lemma barycentre_sum_relabel:
  assumes X: "abs_simplicial_complex X" and pq: "inverse_maps_on (cvertices X) p q"
    and Vp: "\<And>\<tau>. \<tau> \<in> sdiff_vertices X A \<Longrightarrow> p ` \<tau> \<in> sdiff_vertices X A"
    and Vq: "\<And>\<tau>. \<tau> \<in> sdiff_vertices X A \<Longrightarrow> q ` \<tau> \<in> sdiff_vertices X A"
    and \<beta>: "\<beta> \<in> realization_points (simplicial_difference X A)"
  shows "barycentre_sum (\<lambda>\<tau>. if \<tau> \<in> sdiff_vertices X A then \<beta> (q ` \<tau>) else 0) =
         (\<lambda>v. if v \<in> cvertices X then barycentre_sum \<beta> (q v) else 0)"
proof
  interpret inverse_maps_on "cvertices X" p q by (rule pq)
  fix v
  define \<beta>' where "\<beta>' = (\<lambda>\<tau>. if \<tau> \<in> sdiff_vertices X A then \<beta> (q ` \<tau>) else 0)"
  have D: "csupp \<beta> \<subseteq> sdiff_vertices X A"
    using simplicial_differenceD(3)[OF realization_pointsD(2)[OF \<beta>]] .
  have VE: "\<tau> \<subseteq> cvertices X" if "\<tau> \<in> sdiff_vertices X A" for \<tau>
    by (rule sdiff_vertex_simplex(3)[OF X that])
  have "barycentre_sum \<beta>' v = (\<Sum>\<rho>\<in>csupp \<beta>. \<beta> \<rho> * barycentre (p ` \<rho>) v)"
    unfolding barycentre_sum_def
  proof (rule sum.reindex_bij_witness[where j = "\<lambda>\<tau>. q ` \<tau>" and i = "\<lambda>\<rho>. p ` \<rho>"])
    fix \<tau> assume "\<tau> \<in> csupp \<beta>'"
    then have "\<tau> \<in> sdiff_vertices X A" "\<beta> (q ` \<tau>) \<noteq> 0"
      by (auto simp: csupp_def \<beta>'_def split: if_splits)
    then show "p ` q ` \<tau> = \<tau>" "q ` \<tau> \<in> csupp \<beta>"
      "\<beta> (q ` \<tau>) * barycentre (p ` q ` \<tau>) v = \<beta>' \<tau> * barycentre \<tau> v"
      using p_image_q_image[OF VE] by (auto simp: csupp_def \<beta>'_def)
  next
    fix \<rho> assume "\<rho> \<in> csupp \<beta>"
    then have \<rho>: "\<rho> \<in> sdiff_vertices X A" "\<beta> \<rho> \<noteq> 0" using D by (auto simp: csupp_def)
    then show "q ` p ` \<rho> = \<rho>" "p ` \<rho> \<in> csupp \<beta>'"
      using Vp[OF \<rho>(1)] q_image_p_image[OF VE[OF \<rho>(1)]] by (auto simp: csupp_def \<beta>'_def)
  qed
  also have "\<dots> = (if v \<in> cvertices X then barycentre_sum \<beta> (q v) else 0)"
    using D VE barycentre_relabel[OF pq]
    by (auto simp: barycentre_sum_def intro!: sum.neutral sum.cong)
  finally show "barycentre_sum \<beta>' v = (if v \<in> cvertices X then barycentre_sum \<beta> (q v) else 0)" .
qed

**Exercise**
For every line of the entries above that holds "proof", add one to a tally, and report only the final count.

**Result of this task**
2